The Iraq War Was a Colossal Aberration

Some people must have had trouble sleeping these last few nights. Among American and British soldiers, Iraqi politicians and mercenaries fighting in Baghdad, there were many who knew that the airing of this much dirty laundry would be devastating. The official disclaimers are pointless: The mountain of documents published by the informational website WikiLeaks is as embarrassing as it is extensive. It’s not as though the Iraq War saw a few regrettable blunders — such as the detentions at Abu Ghraib — before ending in fanfare with an allied victory. It has been, from start to finish, an absurdity of immense proportions.

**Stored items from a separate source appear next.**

(* Let $\Gamma$ be a green Veldkamp quadrangle with point set $P$ and let $a,b\in P$. Then (i) $a\simeq b$ if and only if $a^{\rm op}=b^{\rm op}$; (ii) if $a\simeq b$, then $\Gamma_2(a)=\Gamma_2(b)$. In particular $\simeq$ is an equivalence relation on $P$.
   Context: A graph is a pair $(V,E)$ with $E$ a set of $2$-element subsets of $V$; $\Gamma_v$ is the set of neighbors of $v$; $\Gamma_m(v)=\{u\mid{\rm dist}(u,v)=m\}$. An $s$-path is a sequence $(x_0,\dots,x_s)$ of vertices with consecutive vertices adjacent and $x_{i-2}\ne x_i$ for $i\in[2,s]$. A closed $s$-path is an $s$-path with $s\ge3$ whose first and last vertices coincide; an $s$-circuit is the subgraph determined by a closed $s$-path. An opposition relation on a set $X$ is a symmetric anti-reflexive relation; trivial if any two distinct elements are related; $k$-plump if for every $S\subseteq X$ with $|S|\le k$ some element of $X$ is related to all elements of $S$. A Veldkamp graph is a graph with a $2$-plump opposition relation $\equiv_v$ on $\Gamma_v$ for each vertex $v$. A path $(v_0,\dots,v_s)$ is straight if $v_{i-1}\equiv_{v_i}v_{i+1}$ for all $i\in[1,s-1]$; a circuit is straight if every path in it is straight. A Veldkamp $n$-gon ($n\ge2$) is a Veldkamp graph satisfying (VP1) connected and bipartite; (VP2) for each $k\in[1,n-1]$ each straight $k$-path is the unique straight path between its endpoints of length at most $k$; (VP3) every straight $(n+1)$-path lies in a straight $2n$-circuit. A root is a straight $n$-path; two vertices are opposite if there is a root between them; $x^{\rm op}$ is the set of vertices opposite $x$. A Veldkamp quadrangle is a Veldkamp $4$-gon, with bipartition classes called points $P$ and lines $L$; it is green if $\equiv_x$ is trivial for every line $x$. A weed is a non-straight $4$-path $(a,x,b,y,c)$ with $a,b,c\in P$ and ${\rm dist}(a,c)=4$. For $a,b\in P$, write $a\simeq b$ if $a=b$ or there is a weed beginning at $a$ and ending at $b$. *)

theory Defs
  imports Main
begin

definition graph :: "'v set \<Rightarrow> 'v set set \<Rightarrow> bool" where
  "graph V E \<longleftrightarrow> (\<forall>e\<in>E. e \<subseteq> V \<and> card e = 2)"

definition adj :: "'v set set \<Rightarrow> 'v \<Rightarrow> 'v \<Rightarrow> bool" where
  "adj E u v \<longleftrightarrow> {u, v} \<in> E"

definition nbrs :: "'v set set \<Rightarrow> 'v \<Rightarrow> 'v set" where
  "nbrs E v = {u. adj E u v}"

definition opposition_rel :: "'v set \<Rightarrow> ('v \<Rightarrow> 'v \<Rightarrow> bool) \<Rightarrow> bool" where
  "opposition_rel X R \<longleftrightarrow>
     (\<forall>x y. R x y \<longrightarrow> x \<in> X \<and> y \<in> X) \<and> (\<forall>x y. R x y \<longrightarrow> R y x) \<and> (\<forall>x. \<not> R x x)"

definition trivial_opp :: "'v set \<Rightarrow> ('v \<Rightarrow> 'v \<Rightarrow> bool) \<Rightarrow> bool" where
  "trivial_opp X R \<longleftrightarrow> (\<forall>x\<in>X. \<forall>y\<in>X. x \<noteq> y \<longrightarrow> R x y)"

definition plump :: "nat \<Rightarrow> 'v set \<Rightarrow> ('v \<Rightarrow> 'v \<Rightarrow> bool) \<Rightarrow> bool" where
  "plump k X R \<longleftrightarrow> (\<forall>S. S \<subseteq> X \<and> finite S \<and> card S \<le> k \<longrightarrow> (\<exists>x\<in>X. \<forall>s\<in>S. R x s))"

Iraqi civilians killed by the tens of thousands; a privatization of war that has become an additional threat to the population; scenes of torture and executions led by Iraqi authorities and covered up, at least passively, by Americans. Then there’s the looting, the kidnappings, the acts of ethnic cleansing and the cascade of vicious murders. And finally, the bloody outbreak of forces supporting al-Qaida, those very same forces that the Americans had supposedly come to fight but who didn’t exist until their arrival, save in the fabrications and lies of warmongers.

This exposure is enough to give more or less inexhaustible ammunition to those who believe that the outcome of this war was decided too hastily.

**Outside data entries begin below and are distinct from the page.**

(* Let $d\ge2$ and $p,q\ge0$. Then $$\sum_{j=0}^{\min\{p,q\}}Q^{(d)}_{p-j,q-j}(z)=\frac{d}{p+q+d}\,Q^{(d+1)}_{pq}(z),$$ equivalently, $$Q^{(d)}_{p,q}(z)=\frac{d}{p+q+d}Q^{(d+1)}_{pq}(z)-\frac{d}{p+q+d-2}Q^{(d+1)}_{p-1,q-1}(z),$$ with the convention $Q_{a,b}=0$ if $a<0$ or $b<0$.
   Context: For $d\ge2$ and $p,q\ge0$, the complex Gegenbauer polynomial is the polynomial in $z,\overline z$ $$Q_{pq}^{(d)}(z)=\frac{p+q+d-1}{(d-1)!}\sum_{j=0}^{\min\{p,q\}}(-1)^j\frac{(d+p+q-j-2)!}{j!(p-j)!(q-j)!}z^{p-j}\overline{z}^{q-j}.$$ *)

theory Defs
  imports "HOL-Analysis.Analysis"
begin

definition cgeg :: "nat \<Rightarrow> nat \<Rightarrow> nat \<Rightarrow> complex \<Rightarrow> complex" where
  "cgeg d p q z =
     of_nat (p + q + d - 1) / of_nat (fact (d - 1)) *
     (\<Sum>j = 0..min p q. (-1) ^ j * of_nat (fact (d + p + q - j - 2)) /
        (of_nat (fact j) * of_nat (fact (p - j)) * of_nat (fact (q - j))) *
        z ^ (p - j) * cnj z ^ (q - j))"

definition cgegi :: "nat \<Rightarrow> int \<Rightarrow> int \<Rightarrow> complex \<Rightarrow> complex" where
  "cgegi d a b z = (if a < 0 \<or> b < 0 then 0 else cgeg d (nat a) (nat b) z)"

end

theory Submission
  imports Defs
begin

text \<open>Write Q^(m+2)_pq = (p+q+m+1)/(m+1)! * S_m(p,q), where S_m(p,q) is the sum over j of
  (-1)^j (m+p+q-j)! / (j! (p-j)! (q-j)!) * z^(p-j) * conj(z)^(q-j). Then
  R_pq := d/(p+q+d) * Q^(d+1)_pq equals S_(m+1)(p,q)/(m+1)! for d = m+2, so passing to dimension
  d+1 only shifts m. The factorial identity (n+k+2) n!/(k+1)! = (n+1)!/(k+1)! + n!/k!, applied
  termwise, gives Q^(d)_(p+1,q+1) = R_(p+1,q+1) - R_pq, while Q^(d)_pq = R_pq if p = 0 or q = 0.
  Summing along the diagonal telescopes.\<close>

definition cgeg_term :: "nat \<Rightarrow> nat \<Rightarrow> nat \<Rightarrow> complex \<Rightarrow> nat \<Rightarrow> complex" where
  "cgeg_term m p q z j = (-1) ^ j * fact (m + p + q - j) / (fact j * fact (p - j) * fact (q - j)) *
     z ^ (p - j) * cnj z ^ (q - j)"

definition cgeg_sum :: "nat \<Rightarrow> nat \<Rightarrow> nat \<Rightarrow> complex \<Rightarrow> complex" where
  "cgeg_sum m p q z = (\<Sum>j = 0..min p q. cgeg_term m p q z j)"

lemma fact_quotient_split:
  "(of_nat (n + k + 2) :: 'a :: field_char_0) * (fact n / fact (Suc k))
     = fact (Suc n) / fact (Suc k) + fact n / fact k"
proof -
  have "(of_nat (n + k + 2) :: 'a) * fact n = fact (Suc n) + of_nat (Suc k) * fact n"
    by (simp add: algebra_simps)
  then show ?thesis
    by (simp add: field_simps del: of_nat_Suc)
qed

lemma cgeg_term_0:
  "of_nat (p + q + m + 1) * cgeg_term m p q z 0 = cgeg_term (Suc m) p q z 0"
proof -
  have "m + p + q + 1 = Suc (m + p + q)" by simp
  then show ?thesis
    unfolding cgeg_term_def by (simp add: field_simps del: fact_Suc) (simp add: algebra_simps)
qed

lemma cgeg_term_Suc_Suc:
  assumes "j \<le> min p q"
  shows "of_nat (p + q + m + 3) * cgeg_term m (Suc p) (Suc q) z (Suc j)
           = cgeg_term (Suc m) (Suc p) (Suc q) z (Suc j) - cgeg_term (Suc m) p q z j"
proof -
  obtain a b where ab: "p = j + a" "q = j + b"
    using assms by (metis le_Suc_ex min.bounded_iff)
  define n where "n = m + j + a + b + 1"
  define K where "K = (-1) ^ j * z ^ a * cnj z ^ b / (fact a * fact b)"
  have idx: "m + Suc p + Suc q - Suc j = n" "Suc m + Suc p + Suc q - Suc j = Suc n"
    "Suc m + p + q - j = n" "Suc p - Suc j = a" "Suc q - Suc j = b" "p - j = a" "q - j = b"
    "p + q + m + 3 = n + j + 2"
    using ab n_def by simp_all
  have terms: "cgeg_term m (Suc p) (Suc q) z (Suc j) = - (fact n / fact (Suc j) * K)"
    "cgeg_term (Suc m) (Suc p) (Suc q) z (Suc j) = - (fact (Suc n) / fact (Suc j) * K)"
    "cgeg_term (Suc m) p q z j = fact n / fact j * K"
    unfolding cgeg_term_def idx K_def by (simp_all add: field_simps del: fact_Suc)
  have "of_nat (p + q + m + 3) * cgeg_term m (Suc p) (Suc q) z (Suc j)
      = - (of_nat (n + j + 2) * (fact n / fact (Suc j)) * K)"
    unfolding terms(1) idx(8) by (simp only: mult_minus_right mult.assoc)
  also have "\<dots> = - ((fact (Suc n) / fact (Suc j) + fact n / fact j) * K)"
    unfolding fact_quotient_split ..
  also have "\<dots> = cgeg_term (Suc m) (Suc p) (Suc q) z (Suc j) - cgeg_term (Suc m) p q z j"
    unfolding terms(2,3) by (simp only: distrib_right minus_add_distrib mult_minus_left diff_conv_add_uminus)
  finally show ?thesis .
qed

lemma cgeg_sum_boundary:
  assumes "p = 0 \<or> q = 0"
  shows "of_nat (p + q + m + 1) * cgeg_sum m p q z = cgeg_sum (Suc m) p q z"
  using assms cgeg_term_0[of p q m z] by (auto simp: cgeg_sum_def)

lemma cgeg_sum_Suc_Suc:
  "of_nat (p + q + m + 3) * cgeg_sum m (Suc p) (Suc q) z
     = cgeg_sum (Suc m) (Suc p) (Suc q) z - cgeg_sum (Suc m) p q z"
proof -
  let ?c = "of_nat (p + q + m + 3) :: complex"
  have "Suc p + Suc q + m + 1 = p + q + m + 3" by simp
  then have head: "?c * cgeg_term m (Suc p) (Suc q) z 0 = cgeg_term (Suc m) (Suc p) (Suc q) z 0"
    using cgeg_term_0[of "Suc p" "Suc q" m z] by (simp only:)
  have "?c * cgeg_sum m (Suc p) (Suc q) z
      = ?c * cgeg_term m (Suc p) (Suc q) z 0
        + (\<Sum>j = 0..min p q. ?c * cgeg_term m (Suc p) (Suc q) z (Suc j))"
    unfolding cgeg_sum_def min_Suc_Suc sum.atLeast0_atMost_Suc_shift
    by (simp add: distrib_left sum_distrib_left)
  also have "\<dots> = cgeg_term (Suc m) (Suc p) (Suc q) z 0
        + (\<Sum>j = 0..min p q. cgeg_term (Suc m) (Suc p) (Suc q) z (Suc j) - cgeg_term (Suc m) p q z j)"
    using head cgeg_term_Suc_Suc[of _ p q m z] by simp
  also have "\<dots> = cgeg_sum (Suc m) (Suc p) (Suc q) z - cgeg_sum (Suc m) p q z"
    unfolding cgeg_sum_def min_Suc_Suc sum.atLeast0_atMost_Suc_shift
    by (simp add: sum_subtractf)
  finally show ?thesis .
qed

lemma cgeg_eq_cgeg_sum:
  "cgeg (m + 2) p q z = of_nat (p + q + m + 1) / fact (m + 1) * cgeg_sum m p q z"
proof -
  have "p + q + (m + 2) - 1 = p + q + m + 1" "m + 2 - 1 = m + 1"
    "\<And>j. m + 2 + p + q - j - 2 = m + p + q - j" by simp_all
  then show ?thesis
    unfolding cgeg_def cgeg_sum_def cgeg_term_def of_nat_fact by (simp only:)
qed

lemma scaled_cgeg_Suc_eq_cgeg_sum:
  "of_nat (m + 2) / of_nat (p + q + m + 2) * cgeg (m + 3) p q z = cgeg_sum (Suc m) p q z / fact (m + 1)"
proof -
  have "cgeg (m + 3) p q z = of_nat (p + q + m + 2) / fact (m + 2) * cgeg_sum (Suc m) p q z"
  proof -
    have idx: "m + 3 = Suc m + 2" "p + q + Suc m + 1 = p + q + m + 2" "Suc m + 1 = m + 2" by simp_all
    show ?thesis using cgeg_eq_cgeg_sum[of "Suc m" p q z] unfolding idx .
  qed
  moreover have "(fact (m + 2) :: complex) = of_nat (m + 2) * fact (m + 1)"
    using fact_Suc[of "m + 1"] by simp
  moreover have "(of_nat (p + q + m + 2) :: complex) \<noteq> 0" "(of_nat (m + 2) :: complex) \<noteq> 0"
    by (simp_all only: of_nat_eq_0_iff)
  ultimately show ?thesis
    by (simp add: field_simps del: of_nat_add fact_Suc)
qed

lemma cgeg_boundary:
  assumes "2 \<le> d" "p = 0 \<or> q = 0"
  shows "cgeg d p q z = of_nat d / of_nat (p + q + d) * cgeg (d + 1) p q z"
proof -
  obtain m where d: "d = m + 2" using assms(1) le_Suc_ex by (metis add.commute)
  have idx: "m + 2 + 1 = m + 3" "p + q + (m + 2) = p + q + m + 2" by simp_all
  show ?thesis
    unfolding d idx scaled_cgeg_Suc_eq_cgeg_sum cgeg_eq_cgeg_sum
    using cgeg_sum_boundary[OF assms(2), of m z] by simp
qed

lemma cgeg_Suc_Suc:
  assumes "2 \<le> d"
  shows "cgeg d (Suc p) (Suc q) z
           = of_nat d / of_nat (Suc p + Suc q + d) * cgeg (d + 1) (Suc p) (Suc q) z
             - of_nat d / of_nat (p + q + d) * cgeg (d + 1) p q z"
proof -
  obtain m where d: "d = m + 2" using assms le_Suc_ex by (metis add.commute)
  have idx: "m + 2 + 1 = m + 3" "p + q + (m + 2) = p + q + m + 2"
    "Suc p + Suc q + (m + 2) = Suc p + Suc q + m + 2" "Suc p + Suc q + m + 1 = p + q + m + 3"
    by simp_all
  show ?thesis
    unfolding d idx scaled_cgeg_Suc_eq_cgeg_sum cgeg_eq_cgeg_sum
    by (simp only: times_divide_eq_left cgeg_sum_Suc_Suc diff_divide_distrib)
qed

lemma sum_cgeg_diagonal:
  assumes "2 \<le> d"
  shows "(\<Sum>j = 0..min p q. cgeg d (p - j) (q - j) z)
           = of_nat d / of_nat (p + q + d) * cgeg (d + 1) p q z"
proof (induction p arbitrary: q)
  case 0
  then show ?case using cgeg_boundary[OF assms] by simp
next
  case (Suc p)
  show ?case
  proof (cases q)
    case 0
    then show ?thesis using cgeg_boundary[OF assms] by simp
  next
    case (Suc q')
    have "(\<Sum>j = 0..min (Suc p) q. cgeg d (Suc p - j) (q - j) z)
        = cgeg d (Suc p) (Suc q') z + (\<Sum>j = 0..min p q'. cgeg d (p - j) (q' - j) z)"
      unfolding Suc min_Suc_Suc sum.atLeast0_atMost_Suc_shift by simp
    then show ?thesis
      using Suc.IH[of q'] cgeg_Suc_Suc[OF assms, of p q' z] Suc by simp
  qed
qed

theorem lemma5p10:
  fixes d p q :: nat and z :: complex
  assumes "d \<ge> 2"
  shows "((\<Sum>j = 0..min p q. cgeg d (p - j) (q - j) z)
           = of_nat d / of_nat (p + q + d) * cgeg (d + 1) p q z)
         \<and> cgegi d (int p) (int q) z
           = of_nat d / of_nat (p + q + d) * cgegi (d + 1) (int p) (int q) z
             - of_nat d / (of_int (int p + int q + int d - 2)) * cgegi (d + 1) (int p - 1) (int q - 1) z"
proof
  show "(\<Sum>j = 0..min p q. cgeg d (p - j) (q - j) z)
           = of_nat d / of_nat (p + q + d) * cgeg (d + 1) p q z"
    by (rule sum_cgeg_diagonal[OF assms])
  show "cgegi d (int p) (int q) z
           = of_nat d / of_nat (p + q + d) * cgegi (d + 1) (int p) (int q) z
             - of_nat d / (of_int (int p + int q + int d - 2)) * cgegi (d + 1) (int p - 1) (int q - 1) z"
  proof (cases "p = 0 \<or> q = 0")
    case True
    then show ?thesis using cgeg_boundary[OF assms True] by (auto simp: cgegi_def)
  next
    case False
    then obtain p' q' where pq: "p = Suc p'" "q = Suc q'" by (metis not0_implies_Suc)
    have "cgeg d p q z = of_nat d / of_nat (p + q + d) * cgeg (d + 1) p q z
        - of_nat d / of_nat (p' + q' + d) * cgeg (d + 1) p' q' z"
      using cgeg_Suc_Suc[OF assms, of p' q' z] pq by simp
    moreover have "(of_int (int p + int q + int d - 2) :: complex) = of_nat (p' + q' + d)"
      "int p - 1 = int p'" "int q - 1 = int q'"
      using pq by simp_all
    ultimately show ?thesis
      unfolding cgegi_def by simp
  qed
qed

end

Who is to be held accountable? Already this weekend, pressure was placed on the Obama administration not to turn its back once again on these reprehensible acts, in which the government was complicit through its own inaction.

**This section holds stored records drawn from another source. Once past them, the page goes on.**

lemma has_real_derivative_lower_gauge:
  fixes f g :: "real \<Rightarrow> real"
  assumes der: "\<And>t. t \<in> S \<Longrightarrow> \<exists>D. (f has_real_derivative D) (at t) \<and> g t \<le> D" and "0 < e"
  obtains d where "\<And>t. 0 < d t"
    "\<And>t u v. t \<in> S \<Longrightarrow> u \<le> t \<Longrightarrow> t \<le> v \<Longrightarrow> {u..v} \<subseteq> ball t (d t) \<Longrightarrow> (g t - e) * (v - u) \<le> f v - f u"
proof -
  have "\<forall>t. \<exists>\<delta>>0. t \<in> S \<longrightarrow>
      (\<forall>u v. u \<le> t \<longrightarrow> t \<le> v \<longrightarrow> {u..v} \<subseteq> ball t \<delta> \<longrightarrow> (g t - e) * (v - u) \<le> f v - f u)"
  proof
    fix t
    show "\<exists>\<delta>>0. t \<in> S \<longrightarrow>
        (\<forall>u v. u \<le> t \<longrightarrow> t \<le> v \<longrightarrow> {u..v} \<subseteq> ball t \<delta> \<longrightarrow> (g t - e) * (v - u) \<le> f v - f u)"
    proof (cases "t \<in> S")
      case True
      then obtain D where D: "(f has_real_derivative D) (at t)" "g t \<le> D" using der by blast
      then obtain \<delta> where "0 < \<delta>"
        and \<delta>: "\<And>y. \<bar>y - t\<bar> < \<delta> \<Longrightarrow> \<bar>f y - f t - D * (y - t)\<bar> \<le> e * \<bar>y - t\<bar>"
        using \<open>0 < e\<close> unfolding has_field_derivative_def has_derivative_at_alt by (metis real_norm_def)
      have "(g t - e) * (v - u) \<le> f v - f u" if "u \<le> t" "t \<le> v" "{u..v} \<subseteq> ball t \<delta>" for u v
      proof -
        have "u \<in> {u..v}" "v \<in> {u..v}" using that(1,2) by auto
        then have "u \<in> ball t \<delta>" "v \<in> ball t \<delta>" using that(3) by blast+
        then have "\<bar>v - t\<bar> < \<delta>" "\<bar>u - t\<bar> < \<delta>" by (auto simp: dist_real_def abs_minus_commute)
        from \<delta>[OF this(1)] \<delta>[OF this(2)] that(1,2)
        have "D * (v - t) - e * (v - t) \<le> f v - f t" "f u - f t \<le> D * (u - t) + e * (t - u)"
          by (auto simp: abs_le_iff)
        moreover have "(g t - e) * (v - u) \<le> (D - e) * (v - u)"
          using D(2) that(1,2) by (intro mult_right_mono) auto
        ultimately show ?thesis by (simp add: algebra_simps)
      qed
      then show ?thesis using \<open>0 < \<delta>\<close> by blast
    qed (auto intro: exI[of _ 1])
  qed
  then have "\<exists>d. \<forall>t. 0 < d t \<and> (t \<in> S \<longrightarrow>
      (\<forall>u v. u \<le> t \<longrightarrow> t \<le> v \<longrightarrow> {u..v} \<subseteq> ball t (d t) \<longrightarrow> (g t - e) * (v - u) \<le> f v - f u))"
    by (rule choice)
  then obtain d where d: "\<forall>t. 0 < d t \<and> (t \<in> S \<longrightarrow>
      (\<forall>u v. u \<le> t \<longrightarrow> t \<le> v \<longrightarrow> {u..v} \<subseteq> ball t (d t) \<longrightarrow> (g t - e) * (v - u) \<le> f v - f u))"
    by blast
  show thesis
    using d by (intro that[of d]) auto
qed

What lessons should be learned? In future wars, the military cannot, and must not, hide behind a supposed lack of information in order to avoid detailing, in real time, the consequences of its actions. And most importantly, there is another lesson that sounds as a dire warning: Victory in Iraq was not acquired through military strategy, but by widespread debilitation, by too many blood baths, by rubbing elbows with hell. A lesson, perhaps, to be considered in Afghanistan.